EXERCISE OBJECTIVE
The answer must consist of every line below containing "module".

****

(* Let $\mathfrak{g}$ be a finite-dimensional complex Lie algebra admitting an inner CPA-structure $x\cdot y=[\phi(x),y]$ with $\phi$ a Lie algebra endomorphism of $\mathfrak{g}$. Then $\mathfrak{g}$ decomposes as a direct sum $\mathfrak{g}=\mathfrak{n}\oplus\mathfrak{h}$ of $\phi$-invariant ideals (ideals both of the Lie algebra and of the algebra $(\mathfrak{g},\cdot)$) such that: (1) $\phi|_{\mathfrak{n}}$ is a nilpotent endomorphism of $\mathfrak{n}$ and the induced CPA-structure on $\mathfrak{n}$ is nil-inner; (2) $\phi|_{\mathfrak{h}}$ is an automorphism of $\mathfrak{h}$, and $[[\mathfrak{h},\mathfrak{h}],[\mathfrak{h},\mathfrak{h}]]=0$.
   Context: A CPA-structure on a Lie algebra $\mathfrak{g}$ is a bilinear product $x\cdot y$ on $\mathfrak{g}$ satisfying, for all $x,y,z$: $x\cdot y=y\cdot x$; $[x,y]\cdot z=x\cdot(y\cdot z)-y\cdot(x\cdot z)$; $x\cdot[y,z]=[x\cdot y,z]+[y,x\cdot z]$. It is called inner if $x\cdot y=[\phi(x),y]$ for some Lie algebra homomorphism $\phi:\mathfrak{g}\to\mathfrak{g}$, and nil-inner if it can be written in this form with $\phi$ a nilpotent Lie algebra homomorphism. A subspace $I$ is an ideal if it is both a Lie ideal ($[\mathfrak{g},I]\subseteq I$) and an algebra ideal ($\mathfrak{g}\cdot I\subseteq I$). *)

theory Defs
  imports Complex_Main
begin

definition bilinear_map :: "(complex \<Rightarrow> 'a \<Rightarrow> 'a) \<Rightarrow> ('a::ab_group_add \<Rightarrow> 'a \<Rightarrow> 'a) \<Rightarrow> bool" where
  "bilinear_map sc m \<longleftrightarrow>
     (\<forall>x. Vector_Spaces.linear sc sc (m x)) \<and> (\<forall>y. Vector_Spaces.linear sc sc (\<lambda>x. m x y))"

definition lie_algebra :: "(complex \<Rightarrow> 'a \<Rightarrow> 'a) \<Rightarrow> ('a::ab_group_add \<Rightarrow> 'a \<Rightarrow> 'a) \<Rightarrow> bool" where
  "lie_algebra sc br \<longleftrightarrow> vector_space sc \<and> bilinear_map sc br \<and>
     (\<forall>x. br x x = 0) \<and>
     (\<forall>x y z. br x (br y z) + br y (br z x) + br z (br x y) = 0)"

definition fin_dim_complex_lie_algebra ::
  "(complex \<Rightarrow> 'a \<Rightarrow> 'a) \<Rightarrow> ('a::ab_group_add \<Rightarrow> 'a \<Rightarrow> 'a) \<Rightarrow> bool" where
  "fin_dim_complex_lie_algebra sc br \<longleftrightarrow> lie_algebra sc br \<and>
     (\<exists>B. finite_dimensional_vector_space sc B)"

definition lie_endo :: "(complex \<Rightarrow> 'a \<Rightarrow> 'a) \<Rightarrow> ('a::ab_group_add \<Rightarrow> 'a \<Rightarrow> 'a) \<Rightarrow> ('a \<Rightarrow> 'a) \<Rightarrow> bool" where
  "lie_endo sc br f \<longleftrightarrow> Vector_Spaces.linear sc sc f \<and> (\<forall>x y. f (br x y) = br (f x) (f y))"

definition cpa_structure :: "(complex \<Rightarrow> 'a \<Rightarrow> 'a) \<Rightarrow> ('a::ab_group_add \<Rightarrow> 'a \<Rightarrow> 'a) \<Rightarrow> ('a \<Rightarrow> 'a \<Rightarrow> 'a) \<Rightarrow> bool" where
  "cpa_structure sc br p \<longleftrightarrow> bilinear_map sc p \<and>
     (\<forall>x y. p x y = p y x) \<and>
     (\<forall>x y z. p (br x y) z = p x (p y z) - p y (p x z)) \<and>
     (\<forall>x y z. p x (br y z) = br (p x y) z + br y (p x z))"

definition inner_cpa_via :: "(complex \<Rightarrow> 'a \<Rightarrow> 'a) \<Rightarrow> ('a::ab_group_add \<Rightarrow> 'a \<Rightarrow> 'a) \<Rightarrow> ('a \<Rightarrow> 'a) \<Rightarrow> bool" where
  "inner_cpa_via sc br phi \<longleftrightarrow> lie_endo sc br phi \<and> cpa_structure sc br (\<lambda>x y. br (phi x) y)"

definition lie_endo_on :: "(complex \<Rightarrow> 'a \<Rightarrow> 'a) \<Rightarrow> ('a::ab_group_add \<Rightarrow> 'a \<Rightarrow> 'a) \<Rightarrow> 'a set \<Rightarrow> ('a \<Rightarrow> 'a) \<Rightarrow> bool" where
  "lie_endo_on sc br S f \<longleftrightarrow> f ` S \<subseteq> S \<and>
     (\<forall>x\<in>S. \<forall>y\<in>S. f (x + y) = f x + f y) \<and>
     (\<forall>c. \<forall>x\<in>S. f (sc c x) = sc c (f x)) \<and>
     (\<forall>x\<in>S. \<forall>y\<in>S. f (br x y) = br (f x) (f y))"

definition nilpotent_on :: "'a set \<Rightarrow> ('a::zero \<Rightarrow> 'a) \<Rightarrow> bool" where
  "nilpotent_on S f \<longleftrightarrow> f ` S \<subseteq> S \<and> (\<exists>k. \<forall>x\<in>S. (f ^^ k) x = 0)"

definition nil_inner_on :: "(complex \<Rightarrow> 'a \<Rightarrow> 'a) \<Rightarrow> ('a::ab_group_add \<Rightarrow> 'a \<Rightarrow> 'a) \<Rightarrow> 'a set \<Rightarrow> ('a \<Rightarrow> 'a \<Rightarrow> 'a) \<Rightarrow> bool" where
  "nil_inner_on sc br S p \<longleftrightarrow>
     (\<exists>psi. lie_endo_on sc br S psi \<and> nilpotent_on S psi \<and>
            (\<forall>x\<in>S. \<forall>y\<in>S. p x y = br (psi x) y))"

definition cpa_ideal :: "(complex \<Rightarrow> 'a \<Rightarrow> 'a) \<Rightarrow> ('a::ab_group_add \<Rightarrow> 'a \<Rightarrow> 'a) \<Rightarrow> ('a \<Rightarrow> 'a \<Rightarrow> 'a) \<Rightarrow> 'a set \<Rightarrow> bool" where
  "cpa_ideal sc br p I \<longleftrightarrow> module.subspace sc I \<and>
     (\<forall>x y. y \<in> I \<longrightarrow> br x y \<in> I) \<and> (\<forall>x y. y \<in> I \<longrightarrow> p x y \<in> I)"

definition bracket_space :: "(complex \<Rightarrow> 'a \<Rightarrow> 'a) \<Rightarrow> ('a::ab_group_add \<Rightarrow> 'a \<Rightarrow> 'a) \<Rightarrow> 'a set \<Rightarrow> 'a set \<Rightarrow> 'a set" where
  "bracket_space sc br A B = module.span sc {br a b | a b. a \<in> A \<and> b \<in> B}"

definition direct_sum_decomp :: "'a::ab_group_add set \<Rightarrow> 'a set \<Rightarrow> bool" where
  "direct_sum_decomp N H \<longleftrightarrow> N \<inter> H = {0} \<and>
     (\<forall>z. \<exists>x\<in>N. \<exists>y\<in>H. z = x + y)"

end

theory Submission
  imports Defs
begin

****

WRITTEN SOLUTION
  "cpa_ideal sc br p I \<longleftrightarrow> module.subspace sc I \<and>
  "bracket_space sc br A B = module.span sc {br a b | a b. a \<in> A \<and> b \<in> B}"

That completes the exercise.